Update 6:52PM: This issue has been resolved.
Due to a software error we are seeing on the hardware node, PEMVZWIN02, we need to reboot this node asap.
The node will be down for no more than 10 minutes per VPS on the server.
The affected VPSs are:
78.153.208.116 VPS-238
78.153.208.123 VPS-258
78.153.208.16 VPS-262
78.153.208.127 VPS-282
78.153.208.28 VPS-287
78.153.209.211 VPS-288
78.153.208.154 VPS-317
78.153.208.168 VPS-331
78.153.208.149 VPS-337
78.153.208.170 VPS-341
78.153.208.172 VPS-342
78.153.208.169 VPS
78.153.208.171 VPS-344
78.153.209.151 VPS-346
78.153.208.15 VPS-347
78.153.208.62 VPS-353
78.153.208.176 VPS-354
78.153.208.177 VPS-355
78.153.208.179 VPS-357
78.153.208.184 VPS-362
78.153.210.75 VPS-387
78.153.208.205 VPS-390
78.153.208.218 VPS-407
78.153.208.222 VPS-409
78.153.208.223 VPS-410
78.153.209.118 VPS-620
78.153.209.160 VPS-664
78.153.209.164 VPS-667
78.153.209.176 PARTYCENTRAL
78.153.209.107 VPS-710
We will update this post once completed.
Update 12:57: This server has been rebooted now. We are now bringing all VEs back online
Update 13:17: All services are resumed.
At around 15:30 balin.blacknight.ie stopped responding to requests. As we had an engineer on site who also couldn't log in locally, we rebooted it straight away and it was back up by 15:40.
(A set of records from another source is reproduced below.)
text \<open>Per-stream rates of one user pair under equal power \<open>\<beta> P / N\<close> per stream: the multiple-access
  rate of stream \<open>n\<close>, and its successive-decoding rate on the broadcast link.\<close>

definition mac_stream_rate :: "((real, 'n) vec, 'n) vec \<Rightarrow> real \<Rightarrow> real \<Rightarrow> 'n \<Rightarrow> real" where
  "mac_stream_rate R \<beta> P n = log 2 ((R$n$n)\<^sup>2 * (\<beta> * P / CARD('n)) / \<sigma>2)"

definition sic_rate :: "((real, 'n) vec, 'm) vec \<Rightarrow> real \<Rightarrow> 'n \<Rightarrow> real" where
  "sic_rate G P n = log 2 (1 + \<beta>R * P / \<sigma>2 * sic_gain (\<beta>R * P / \<sigma>2) (\<lambda>n. column n G) n)"

lemma sic_rate_nonneg:
  assumes "0 < P"
  shows "0 \<le> sic_rate G P n"
proof -
  have "0 \<le> \<beta>R * P / \<sigma>2 * sic_gain (\<beta>R * P / \<sigma>2) (\<lambda>n. column n G) n"
    using sic_gain_nonneg[of "\<beta>R * P / \<sigma>2" "\<lambda>n. column n G" n] \<beta>R \<sigma>2 assms by simp
  then show ?thesis unfolding sic_rate_def by simp
qed

lemma sic_rate_bounds:
  assumes "0 < P" "\<And>j. j \<noteq> n \<Longrightarrow> column j G \<bullet> y = 0" "column n G \<bullet> y = y \<bullet> y"
  shows "log 2 (1 + \<beta>R / \<sigma>2 * (y \<bullet> y) * P) \<le> sic_rate G P n"
    and "sic_rate G P n \<le> log 2 (1 + \<beta>R / \<sigma>2 * (column n G \<bullet> column n G) * P)"
proof -
  let ?g = "\<lambda>n. column n G"
  define t where "t = \<beta>R * P / \<sigma>2"
  have t: "0 \<le> t" using \<beta>R \<sigma>2 assms(1) by (simp add: t_def)
  have tP: "\<beta>R / \<sigma>2 * c * P = t * c" for c by (simp add: t_def)
  have "y \<bullet> y \<le> sic_gain t ?g n" by (rule sic_gain_ge[OF t]) (use assms(2,3) in auto)
  then have "1 + t * (y \<bullet> y) \<le> 1 + t * sic_gain t ?g n" using t by (simp add: mult_left_mono)
  moreover have "0 < 1 + t * (y \<bullet> y)" using t by (simp add: add_pos_nonneg)
  ultimately show "log 2 (1 + \<beta>R / \<sigma>2 * (y \<bullet> y) * P) \<le> sic_rate G P n"
    unfolding sic_rate_def tP t_def[symmetric] by (intro log_mono) auto
  have "sic_gain t ?g n \<le> ?g n \<bullet> ?g n" by (rule sic_gain_le[OF t])
  then have "1 + t * sic_gain t ?g n \<le> 1 + t * (?g n \<bullet> ?g n)" using t by (simp add: mult_left_mono)
  moreover have "0 < 1 + t * sic_gain t ?g n"
    using t sic_gain_nonneg[OF t, of ?g n] by (simp add: add_pos_nonneg)
  ultimately show "sic_rate G P n \<le> log 2 (1 + \<beta>R / \<sigma>2 * (column n G \<bullet> column n G) * P)"
    unfolding sic_rate_def tP t_def[symmetric] by (intro log_mono) auto
qed

text \<open>Away from \<open>\<alpha> = 1/2\<close> the two stream rates grow like \<open>log P\<close> with the different slopes
  \<open>\<alpha>/2\<close> and \<open>(1-\<alpha>)/2\<close>, so eventually the same one is the smaller for every stream.\<close>

lemma eventually_stream_rates_ordered:
  assumes R: "invertible R" "upper_tri R" and G: "rank G = CARD('n)" and \<beta>: "0 < \<beta>"
  shows "\<forall>\<^sub>F P in at_top. (\<forall>n. \<alpha> / 2 * mac_stream_rate R \<beta> P n \<le> (1 - \<alpha>) / 2 * sic_rate G P n) \<or>
                         (\<forall>n. (1 - \<alpha>) / 2 * sic_rate G P n \<le> \<alpha> / 2 * mac_stream_rate R \<beta> P n)"
proof (cases "\<alpha> < 1 / 2")
  case True
  obtain y where y: "\<And>n j. j \<noteq> n \<Longrightarrow> column j G \<bullet> y n = 0" "\<And>n. column n G \<bullet> y n = y n \<bullet> y n"
    "\<And>n. 0 < y n \<bullet> y n"
    using dual_vectors[OF G] by blast
  have R2: "0 < (R$n$n)\<^sup>2" for n using upper_tri_diag_nonzero[OF R] by simp
  have "\<forall>\<^sub>F P in at_top. \<forall>n. \<alpha> / 2 * mac_stream_rate R \<beta> P n \<le> (1 - \<alpha>) / 2 * log 2 (1 + \<beta>R / \<sigma>2 * (y n \<bullet> y n) * P)"
    unfolding mac_stream_rate_def using True R2 y(3) \<beta> \<beta>R \<sigma>2 by (intro eventually_all_finite allI) real_asymp
  then show ?thesis using eventually_gt_at_top[of 0]
  proof eventually_elim
    case (elim P)
    have "\<alpha> / 2 * mac_stream_rate R \<beta> P n \<le> (1 - \<alpha>) / 2 * sic_rate G P n" for n
      using elim(1) mult_left_mono[OF sic_rate_bounds(1)[OF elim(2) y(1,2)] \<alpha>_half_nonneg(2)]
      by (meson order_trans)
    then show ?case by blast
  qed
next
  case False
  then have "1 / 2 < \<alpha>" using \<alpha>(3) by simp
  moreover have "0 < (R$n$n)\<^sup>2" for n using upper_tri_diag_nonzero[OF R] by simp
  ultimately have "\<forall>\<^sub>F P in at_top. \<forall>n. (1 - \<alpha>) / 2 * log 2 (1 + \<beta>R / \<sigma>2 * (column n G \<bullet> column n G) * P)
      \<le> \<alpha> / 2 * mac_stream_rate R \<beta> P n"
    unfolding mac_stream_rate_def using column_nonzero_if_full_rank[OF G] \<beta> \<beta>R \<sigma>2 \<alpha>(2)
    by (intro eventually_all_finite allI) real_asymp
  then show ?thesis using eventually_gt_at_top[of 0]
  proof eventually_elim
    case (elim P)
    have "j \<noteq> n \<Longrightarrow> column j G \<bullet> 0 = 0" "column n G \<bullet> 0 = 0 \<bullet> (0::real^'m)" for j n by simp_all
    then have "(1 - \<alpha>) / 2 * sic_rate G P n \<le> \<alpha> / 2 * mac_stream_rate R \<beta> P n" for n
      using elim(1) mult_left_mono[OF sic_rate_bounds(2)[OF elim(2)] \<alpha>_half_nonneg(2)]
      by (meson order_trans)
    then show ?case by blast
  qed
qed

text \<open>The distributed scheme for one user pair: equal power on the streams, stream \<open>n\<close> carried at the
  smaller of its two rates.\<close>

lemma stream_allocation:
  assumes R: "invertible R" "upper_tri R" and G: "rank G = CARD('n)" and \<beta>: "0 < \<beta>"
  shows "\<forall>\<^sub>F P in at_top. \<exists>Ra Pw :: 'n \<Rightarrow> real.
     (\<forall>n. 0 \<le> Pw n \<and> 0 \<le> Ra n) \<and>
     (\<forall>n. Ra n \<le> pos (\<alpha> / 2 * log 2 ((\<bar>R $ n $ n\<bar>)\<^sup>2 * Pw n / \<sigma>2))) \<and>
     (\<forall>S. (\<Sum>n\<in>S. Ra n) \<le> bc_bound \<alpha> \<sigma>2 (\<lambda>_. \<beta>R * P) G S) \<and>
     (\<Sum>n\<in>UNIV. Pw n) \<le> \<beta> * P \<and>
     min (\<alpha> / 2 * mac_rate R \<beta> P) ((1 - \<alpha>) / 2 * bc_rate G P) \<le> (\<Sum>n\<in>UNIV. Ra n)"
proof -
  have "0 < (R$n$n)\<^sup>2" for n using upper_tri_diag_nonzero[OF R] by simp
  then have "\<forall>\<^sub>F P in at_top. \<forall>n. 0 \<le> mac_stream_rate R \<beta> P n"
    unfolding mac_stream_rate_def using \<beta> \<sigma>2 by (intro eventually_all_finite allI) real_asymp
  with eventually_stream_rates_ordered[OF assms] eventually_gt_at_top[of 0] show ?thesis
  proof eventually_elim
    case (elim P)
    define Pw :: "'n \<Rightarrow> real" where "Pw n = \<beta> * P / CARD('n)" for n
    define Ra where "Ra n = min (\<alpha> / 2 * mac_stream_rate R \<beta> P n) ((1 - \<alpha>) / 2 * sic_rate G P n)" for n
    have "0 \<le> Ra n" for n
      unfolding Ra_def using elim(3) sic_rate_nonneg[OF elim(2)] \<alpha>_half_nonneg by simp
    moreover have "0 \<le> Pw n" for n using \<beta> elim(2) by (simp add: Pw_def)
    moreover have "Ra n \<le> pos (\<alpha> / 2 * log 2 ((\<bar>R $ n $ n\<bar>)\<^sup>2 * Pw n / \<sigma>2))" for n
      unfolding Ra_def Pw_def mac_stream_rate_def pos_def by simp
    moreover have "(\<Sum>n\<in>S. Ra n) \<le> bc_bound \<alpha> \<sigma>2 (\<lambda>_. \<beta>R * P) G S" for S
    proof -
      have "(\<Sum>n\<in>S. Ra n) \<le> (\<Sum>n\<in>S. (1 - \<alpha>) / 2 * sic_rate G P n)" unfolding Ra_def by (intro sum_mono) simp
      also have "\<dots> \<le> bc_bound \<alpha> \<sigma>2 (\<lambda>_. \<beta>R * P) G S"
        unfolding sic_rate_def using \<alpha>(2) \<beta>R elim(2) \<sigma>2 by (intro sum_sic_rates_le_bc_bound) auto
      finally show ?thesis .
    qed
    moreover have "(\<Sum>n\<in>UNIV. Pw n) \<le> \<beta> * P" by (simp add: Pw_def)
    moreover have "min (\<alpha> / 2 * mac_rate R \<beta> P) ((1 - \<alpha>) / 2 * bc_rate G P) \<le> (\<Sum>n\<in>UNIV. Ra n)"
      using elim(1)
    proof
      assume le: "\<forall>n. \<alpha> / 2 * mac_stream_rate R \<beta> P n \<le> (1 - \<alpha>) / 2 * sic_rate G P n"
      have "mac_stream_rate R \<beta> P n = log 2 ((R$n$n)\<^sup>2 * (\<beta> * P / (CARD('n) * \<sigma>2)))" for n
        unfolding mac_stream_rate_def by (simp add: field_simps)
      then have "(\<Sum>n\<in>UNIV. mac_stream_rate R \<beta> P n) = mac_rate R \<beta> P"
        using sum_log2_diag[OF R, of "\<beta> * P / (CARD('n) * \<sigma>2)"] \<beta> \<sigma>2 elim(2) by (simp add: mac_rate_def)
      moreover have "(\<Sum>n\<in>UNIV. Ra n) = \<alpha> / 2 * (\<Sum>n\<in>UNIV. mac_stream_rate R \<beta> P n)"
        using le by (simp add: Ra_def sum_distrib_left min_absorb1)
      ultimately show ?thesis by simp
    next
      assume le: "\<forall>n. (1 - \<alpha>) / 2 * sic_rate G P n \<le> \<alpha> / 2 * mac_stream_rate R \<beta> P n"
      have "bc_rate G P \<le> (\<Sum>n\<in>UNIV. sic_rate G P n)"
        unfolding bc_rate_def sic_rate_def using sum_sic_rates_ge[OF G, of "\<beta>R * P" \<sigma>2] \<beta>R \<sigma>2 elim(2) by simp
      moreover have "(\<Sum>n\<in>UNIV. Ra n) = (1 - \<alpha>) / 2 * (\<Sum>n\<in>UNIV. sic_rate G P n)"
        using le by (simp add: Ra_def sum_distrib_left min_absorb2)
      ultimately show ?thesis using mult_left_mono[OF _ \<alpha>_half_nonneg(2)] by (simp add: min.coboundedI2)
    qed
    ultimately show ?case by blast
  qed
qed

lemma eventually_dist_rate_ge_asymptote:
  "\<forall>\<^sub>F P in at_top. \<exists>w\<in>dist_rates P. sum_rate_asymptote P \<le> w"
  using stream_allocation[OF invertible_R1 upper_tri_R1 rank_G2 \<beta>1]
    stream_allocation[OF invertible_R2 upper_tri_R2 rank_G1 \<beta>2]
proof eventually_elim
  case (elim P)
  then obtain Ra1 Pw1 Ra2 Pw2 where w1: "\<forall>n. 0 \<le> Pw1 n \<and> 0 \<le> Ra1 n"
    "\<forall>n. Ra1 n \<le> pos (\<alpha> / 2 * log 2 ((\<bar>R1 $ n $ n\<bar>)\<^sup>2 * Pw1 n / \<sigma>2))"
    "\<forall>S. (\<Sum>n\<in>S. Ra1 n) \<le> bc_bound \<alpha> \<sigma>2 (\<lambda>_. \<beta>R * P) G2 S" "(\<Sum>n\<in>UNIV. Pw1 n) \<le> \<beta>1 * P"
    "min (\<alpha> / 2 * mac_rate R1 \<beta>1 P) ((1 - \<alpha>) / 2 * bc_rate G2 P) \<le> (\<Sum>n\<in>UNIV. Ra1 n)"
    and w2: "\<forall>n. 0 \<le> Pw2 n \<and> 0 \<le> Ra2 n"
    "\<forall>n. Ra2 n \<le> pos (\<alpha> / 2 * log 2 ((\<bar>R2 $ n $ n\<bar>)\<^sup>2 * Pw2 n / \<sigma>2))"
    "\<forall>S. (\<Sum>n\<in>S. Ra2 n) \<le> bc_bound \<alpha> \<sigma>2 (\<lambda>_. \<beta>R * P) G1 S" "(\<Sum>n\<in>UNIV. Pw2 n) \<le> \<beta>2 * P"
    "min (\<alpha> / 2 * mac_rate R2 \<beta>2 P) ((1 - \<alpha>) / 2 * bc_rate G1 P) \<le> (\<Sum>n\<in>UNIV. Ra2 n)"
    by blast
  have "(\<Sum>n\<in>UNIV. Ra1 n) + (\<Sum>n\<in>UNIV. Ra2 n) \<in> dist_rates P" unfolding dist_rates_def using w1 w2 by blast
  moreover have "sum_rate_asymptote P \<le> (\<Sum>n\<in>UNIV. Ra1 n) + (\<Sum>n\<in>UNIV. Ra2 n)"
    unfolding sum_rate_asymptote_def using w1(5) w2(5) by linarith
  ultimately show ?case by blast
qed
While we don't know exactly what caused the issue yet, it looks like server was run out of memory, possibly due to a massive surge of queries to MySQL.
The server Bediver (81.17.248.30) needs to be reboot urgently.
Our engineers are doing this now and the downtime will be no more than 5 minutes.
UPDATE: This is complete
Pemwinweb09(81.17.250.41) is currently experiencing issues. We're currently looking into it and will update here as soon as we know more.
UPDATE 17:38: The server is up and running again and we're currently investigating to find the cause of the outage.
There will be an upgrade of the PHP versions on Gorlois, Priamus and Rivalin to PHP 5.2.12 this evening in order to fully sort an issue we've been having with Installatron. There should be only a few seconds downtime required as Apache restarts with the new version.
UPDATE: 18:10
All three servers have been successfully updated. Gorlois' had slightly more downtime than expected as an automated process restarted Apache in the background while PHP was being updated. This caused PHP to stop working for about 2 minutes.
UPDATE: 08:52 Tuesday Feb 2nd
As mentioned above the server Gorlois had some additional knock on problems after this upgrade. During the compile of PHP exim decided that it wouldn't accept e-mail from outside. This wasn't caught until the alerting system sent it's first reminder about the service being down some time after. Gorlois' SMTP service came back at 20:17 last night and people were able to send e-mail again and e-mail from outside started to flow. We don't believe any e-mail was lost during this window.